Indian survey accused of counting ‘paper tigers’
SURVEYS of India’s tiger population that cheered conservationists by reporting sharp rises in numbers may have been exaggerated.
The survey team may have doublecounted scores of tigers by misinterpreting camera trap photographs, according to an analysis of the counting method.
Narendra Modi, India’s prime minister, in July hailed an “historic achievement” after tiger numbers were reported to have risen from 2,226 in a 2015 survey, to 2,967 this year.
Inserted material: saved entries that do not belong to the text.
lemma brk_lext_basis2: "brk br u v w = lext (\<lambda>y. brk br u (bv y) w) v"
  unfolding brk_def lext_bv by (rule lext_swap)

lemma brk_lext_basis3: "brk br u v w = lext (\<lambda>z. brk br u v (bv z)) w"
proof -
  have "brk br u v w = lext (\<lambda>x. lext (\<lambda>z. lext (\<lambda>y. br x y z) v) w) u"
    unfolding brk_def by (subst lext_swap) (rule refl)
  also have "\<dots> = lext (\<lambda>z. lext (\<lambda>x. lext (\<lambda>y. br x y z) v) u) w"
    by (rule lext_swap)
  finally show ?thesis by (simp add: brk_def)
qed

lemma brk_lext3: "brk br a b (lext g u) = lext (\<lambda>p. brk br a b (g p)) u"
proof -
  have "brk br a b (lext g u) = lext (\<lambda>p. lext (\<lambda>y. brk br a b (bv y)) (g p)) u"
    by (subst brk_lext_basis3) (rule lext_lext)
  then show ?thesis
    by (simp flip: brk_lext_basis3)
qed

lemma brk_vsmul3: "brk br a b (vsmul c w) = vsmul c (brk br a b w)"
  by (subst (1 2) brk_lext_basis3) (simp add: lext_vsmul)

lemma brk_lext_basis12:
  "brk br u v w = lext (\<lambda>x. lext (\<lambda>y. brk br (bv x) (bv y) w) v) u"
  by (subst brk_lext_basis1) (simp flip: brk_lext_basis2)

lemma brk_lext_basis23:
  "brk br w u v = lext (\<lambda>x. lext (\<lambda>y. brk br w (bv x) (bv y)) v) u"
  by (subst brk_lext_basis2) (simp flip: brk_lext_basis3)

lemma itcomult_0_lext: "lext F (itcomult D 0 x) = F [x]"
  by simp

lemma itcomult_Suc_lext:
  "lext F (itcomult D (Suc n) x)
     = lext (\<lambda>(y, z). lext (\<lambda>zs. F (y # zs)) (itcomult D n z)) (D x)"
  by (simp only: itcomult.simps lext_lext_split) (simp add: lext_lext)

lemma sweedler_1_bv:
  "sweedler D 1 F (bv x) = lext (\<lambda>(y, z). F [y, z]) (D x)"
  by (simp add: sweedler_def itcomult_Suc_lext itcomult_0_lext del: itcomult.simps)

lemma coalgebra_coassoc_lext:
  assumes "coalgebra D e"
  shows "lext (\<lambda>(c1, z1). lext (\<lambda>(c2, z2). F c1 c2 z2) (D z1)) (D x)
       = lext (\<lambda>(y, z2). lext (\<lambda>(c1, c2). F c1 c2 z2) (D y)) (D x)"
proof -
  have "lext (\<lambda>(y, z). lext (\<lambda>(u, w). bv (u, w, z)) (D y)) (D x)
      = lext (\<lambda>(y, z). lext (\<lambda>(u, w). bv (y, u, w)) (D z)) (D x)"
    using assms unfolding coalgebra_def by blast
  then have "lext (\<lambda>(u, w, z). F u w z) (lext (\<lambda>(y, z). lext (\<lambda>(u, w). bv (u, w, z)) (D y)) (D x))
      = lext (\<lambda>(u, w, z). F u w z) (lext (\<lambda>(y, z). lext (\<lambda>(u, w). bv (y, u, w)) (D z)) (D x))"
    by (rule arg_cong)
  then show ?thesis by (simp add: lext_lext_split)
qed

lemma coalgebra_counit_left_lext:
  assumes "coalgebra D e"
  shows "lext (\<lambda>(y, z). vsmul (e y) (g z)) (D x) = g x"
proof -
  have "lext (\<lambda>(y, z). vsmul (e y) (bv z)) (D x) = bv x"
    using assms unfolding coalgebra_def by blast
  then have "lext g (lext (\<lambda>(y, z). vsmul (e y) (bv z)) (D x)) = g x"
    by simp
  then show ?thesis by (simp add: lext_lext_split lext_vsmul)
qed

lemma coalgebra_counit_right_lext:
  assumes "coalgebra D e"
  shows "lext (\<lambda>(y, z). vsmul (e z) (g y)) (D x) = g x"
proof -
  have "lext (\<lambda>(y, z). vsmul (e z) (bv y)) (D x) = bv x"
    using assms unfolding coalgebra_def by blast
  then have "lext g (lext (\<lambda>(y, z). vsmul (e z) (bv y)) (D x)) = g x"
    by simp
  then show ?thesis by (simp add: lext_lext_split lext_vsmul)
qed

lemma coalg_map_comult_lext:
  assumes "coalg_map D e D2 e2 f"
  shows "lext (\<lambda>(u, v). \<Phi> u v) (lext D2 (f y))
       = lext (\<lambda>(a, b). lext (\<lambda>u. lext (\<lambda>v. \<Phi> u v) (f b)) (f a)) (D y)"
proof -
  have "lext D2 (f y) = lext (\<lambda>(a, b). tens (f a) (f b)) (D y)"
    using assms unfolding coalg_map_def by blast
  then show ?thesis by (simp add: lext_lext_split lext_tens)
qed

lemma coalg_map_counit_lext:
  assumes "coalg_map D e D2 e2 f"
  shows "lext (\<lambda>u. vsmul (e2 u) w) (f y) = vsmul (e y) w"
  using assms by (simp add: lext_const_vsmul coalg_map_def)

lemma coalg_map_bv: "coalg_map D e D e bv"
proof -
  have tens_bv: "tens (bv y) (bv z) = bv (y, z)" for y z
    by (simp add: tens_def)
  have "lext (\<lambda>(y, z). bv (y, z)) v = v" for v :: "('b \<times> 'b) \<Rightarrow>\<^sub>0 'k::field"
    by (simp add: case_prod_eta)
  then show ?thesis
    unfolding coalg_map_def by (simp add: tens_bv)
qed

lemma hopf_heap_counit_left:
  assumes hh: "hopf_heap D2 e2 br2" and cm: "coalg_map D e D2 e2 f"
  shows "lext (\<lambda>(c1, c2). brk br2 (f c1) (f c2) w) (D y) = vsmul (e y) w"
proof -
  have basis: "lext (\<lambda>(u, v). brk br2 (bv u) (bv v) w) (D2 u0) = vsmul (e2 u0) w" for u0
    using hh sweedler_1_bv[of D2 "\<lambda>l. brk br2 (bv (l!0)) (bv (l!1)) w" u0]
    unfolding hopf_heap_def by simp
  have "lext (\<lambda>(c1, c2). brk br2 (f c1) (f c2) w) (D y)
      = lext (\<lambda>(a, b). lext (\<lambda>u. lext (\<lambda>v. brk br2 (bv u) (bv v) w) (f b)) (f a)) (D y)"
    by (simp only: brk_lext_basis12[where u = "f _"])
  also have "\<dots> = lext (\<lambda>(u, v). brk br2 (bv u) (bv v) w) (lext D2 (f y))"
    by (rule coalg_map_comult_lext[OF cm, symmetric])
  also have "\<dots> = vsmul (e y) w"
    by (simp add: lext_lext basis coalg_map_counit_lext[OF cm])
  finally show ?thesis .
qed

lemma hopf_heap_counit_right:
  assumes hh: "hopf_heap D2 e2 br2" and cm: "coalg_map D e D2 e2 f"
  shows "lext (\<lambda>(c1, c2). brk br2 w (f c1) (f c2)) (D y) = vsmul (e y) w"
proof -
  have basis: "lext (\<lambda>(u, v). brk br2 w (bv u) (bv v)) (D2 u0) = vsmul (e2 u0) w" for u0
    using hh sweedler_1_bv[of D2 "\<lambda>l. brk br2 w (bv (l!0)) (bv (l!1))" u0]
    unfolding hopf_heap_def by simp
  have "lext (\<lambda>(c1, c2). brk br2 w (f c1) (f c2)) (D y)
      = lext (\<lambda>(a, b). lext (\<lambda>u. lext (\<lambda>v. brk br2 w (bv u) (bv v)) (f b)) (f a)) (D y)"
    by (simp only: brk_lext_basis23[where u = "f _"])
  also have "\<dots> = lext (\<lambda>(u, v). brk br2 w (bv u) (bv v)) (lext D2 (f y))"
    by (rule coalg_map_comult_lext[OF cm, symmetric])
  also have "\<dots> = vsmul (e y) w"
    by (simp add: lext_lext basis coalg_map_counit_lext[OF cm])
  finally show ?thesis .
qed

lemma grunspan_brk_coalg_map:
  assumes co: "coalgebra D e" and hh: "hopf_heap D2 e2 br2" and gr: "grunspan D2 e2 br2 th2"
    and cm: "coalg_map D e D2 e2 f"
  shows "brk br2 a b (lext th2 (f z))
       = lext (\<lambda>(c3, z3). lext (\<lambda>(c4, c5).
           brk br2 a (brk br2 (f c4) (f c3) b) (f c5)) (D z3)) (D z)"
proof -
  have "brk br2 a b (lext th2 (f z))
      = brk br2 a b (lext (\<lambda>(c3, z3). vsmul (e z3) (lext th2 (f c3))) (D z))"
    by (simp only: coalgebra_counit_right_lext[OF co])
  also have "\<dots> = lext (\<lambda>(c3, z3). vsmul (e z3) (brk br2 a b (lext th2 (f c3)))) (D z)"
    by (simp add: brk_lext3 brk_vsmul3 split_def)
  also have "\<dots> = lext (\<lambda>(c3, z3). lext (\<lambda>(c4, c5).
           brk br2 (brk br2 a b (lext th2 (f c3))) (f c4) (f c5)) (D z3)) (D z)"
    by (simp only: hopf_heap_counit_right[OF hh cm])
  also have "\<dots> = lext (\<lambda>(c3, z3). lext (\<lambda>(c4, c5).
           brk br2 a (brk br2 (f c4) (f c3) b) (f c5)) (D z3)) (D z)"
    using gr unfolding grunspan_def by simp
  finally show ?thesis .
qed

lemma grunspan_coalg_map_eq:
  assumes co: "coalgebra D e" and hh: "hopf_heap D2 e2 br2" and gr: "grunspan D2 e2 br2 th2"
    and cm: "coalg_map D e D2 e2 f"
  shows "lext th2 (f x)
       = lext (\<lambda>(c1, z1). lext (\<lambda>(c2, z2). lext (\<lambda>(c3, z3). lext (\<lambda>(c4, c5).
           brk br2 (f c1) (brk br2 (f c4) (f c3) (f c2)) (f c5)) (D z3)) (D z2)) (D z1)) (D x)"
proof -
  have "lext th2 (f x) = lext (\<lambda>(y, z). vsmul (e y) (lext th2 (f z))) (D x)"
    by (simp only: coalgebra_counit_left_lext[OF co])
  also have "\<dots> = lext (\<lambda>(y, z).
      lext (\<lambda>(c1, c2). brk br2 (f c1) (f c2) (lext th2 (f z))) (D y)) (D x)"
    by (simp only: hopf_heap_counit_left[OF hh cm])
  also have "\<dots> = lext (\<lambda>(c1, z1).
      lext (\<lambda>(c2, z2). brk br2 (f c1) (f c2) (lext th2 (f z2))) (D z1)) (D x)"
    by (rule coalgebra_coassoc_lext[OF co, symmetric])
  also have "\<dots> = lext (\<lambda>(c1, z1). lext (\<lambda>(c2, z2). lext (\<lambda>(c3, z3). lext (\<lambda>(c4, c5).
      brk br2 (f c1) (brk br2 (f c4) (f c3) (f c2)) (f c5)) (D z3)) (D z2)) (D z1)) (D x)"
    by (simp only: grunspan_brk_coalg_map[OF co hh gr cm])
  finally show ?thesis .
qed

lemma grunspan_eq_bv:
  assumes hh: "hopf_heap D e br" and gr: "grunspan D e br th"
  shows "th x
       = lext (\<lambda>(c1, z1). lext (\<lambda>(c2, z2). lext (\<lambda>(c3, z3). lext (\<lambda>(c4, c5).
           brk br (bv c1) (brk br (bv c4) (bv c3) (bv c2)) (bv c5)) (D z3)) (D z2)) (D z1)) (D x)"
proof -
  have "coalgebra D e"
    using hh unfolding hopf_heap_def by blast
  from grunspan_coalg_map_eq[OF this hh gr coalg_map_bv] show ?thesis
    by simp
qed

lemma grunspan_eq_sweedler:
  assumes "hopf_heap D e br" and "grunspan D e br th"
  shows "lext th c = sweedler D 4
           (\<lambda>l. brk br (bv (l!0)) (brk br (bv (l!3)) (bv (l!2)) (bv (l!1))) (bv (l!4))) c"
proof -
  have basis: "th x = lext (\<lambda>l. brk br (bv (l!0)) (brk br (bv (l!3)) (bv (l!2)) (bv (l!1))) (bv (l!4)))
                 (itcomult D 4 x)" for x
    by (simp add: grunspan_eq_bv[OF assms] itcomult_Suc_lext itcomult_0_lext numeral_eq_Suc del: itcomult.simps)
  show ?thesis
    unfolding sweedler_def lext_lext by (simp only: basis[symmetric])
qed

lemma grunspan_unique:
  assumes "hopf_heap D e br" "grunspan D e br th" "grunspan D e br th'"
  shows "th' = th"
  using grunspan_eq_bv[OF assms(1,2)] grunspan_eq_bv[OF assms(1,3)] by auto

lemma hh_morphism_grunspan_commute:
  assumes hh: "hopf_heap D e br" and gr: "grunspan D e br th"
    and hh2: "hopf_heap D2 e2 br2" and gr2: "grunspan D2 e2 br2 th2"
    and mor: "hh_morphism D e br D2 e2 br2 f"
  shows "lext f (lext th c) = lext th2 (lext f c)"
proof -
  have co: "coalgebra D e"
    using hh unfolding hopf_heap_def by blast
  have cm: "coalg_map D e D2 e2 f"
    using mor unfolding hh_morphism_def by blast
  have brk_f: "lext f (brk br a b d) = brk br2 (lext f a) (lext f b) (lext f d)" for a b d
    using mor unfolding hh_morphism_def by blast
  have "lext f (th x) = lext th2 (f x)" for x
    unfolding grunspan_eq_bv[OF hh gr] grunspan_coalg_map_eq[OF co hh2 gr2 cm]
    by (simp only: lext_lext_split brk_f lext_bv)
  then show ?thesis
    by (simp only: lext_lext)
qed

theorem mainTheorem2:
  fixes D :: "'b \<Rightarrow> ('b \<times> 'b \<Rightarrow>\<^sub>0 'k::field)" and e :: "'b \<Rightarrow> 'k"
    and br :: "'b \<Rightarrow> 'b \<Rightarrow> 'b \<Rightarrow> ('b \<Rightarrow>\<^sub>0 'k)" and th :: "'b \<Rightarrow> ('b \<Rightarrow>\<^sub>0 'k)"
  assumes "hopf_heap D e br" and "grunspan D e br th"
  shows "(\<forall>c. lext th c =
            sweedler D 4
              (\<lambda>l. brk br (bv (l!0)) (brk br (bv (l!3)) (bv (l!2)) (bv (l!1))) (bv (l!4))) c)
       \<and> (\<forall>th'. grunspan D e br th' \<longrightarrow> th' = th)
       \<and> (\<forall>(D2 :: 'd \<Rightarrow> ('d \<times> 'd \<Rightarrow>\<^sub>0 'k)) e2 br2 th2 f.
            hopf_heap D2 e2 br2 \<and> grunspan D2 e2 br2 th2 \<and> hh_morphism D e br D2 e2 br2 f
            \<longrightarrow> (\<forall>c. lext f (lext th c) = lext th2 (lext f c)))"
  using grunspan_eq_sweedler[OF assms] grunspan_unique[OF assms]
    hh_morphism_grunspan_commute[OF assms]
  by blast

end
Officials said more than four-fifths of those counted had been photographed by 26,000 cameras set up in known tiger habitats. But an analysis by experts for the Delhi-based daily Indian Express has now claimed the earlier 2015 survey had over-counted tigers by as much as 16 per cent.
Mistakes including double-counting, or including unidentifiable cats, meant that 221 of the tiger photos in 2015 should have been discarded, wildlife experts told the paper. The photographs for the latest survey have not been released, but the results cast doubt on the counting process, the paper said. If similar mistakes were made this year, the survey could have over counted by hundreds.
India promised in the 2010 St Petersburg Declaration to double its big cat population by 2022. As recently as 2010, the number of Indian tigers had plummeted to 1,706. To create new safe habitats for the creatures, the government has designated 140 new protected areas since 2014.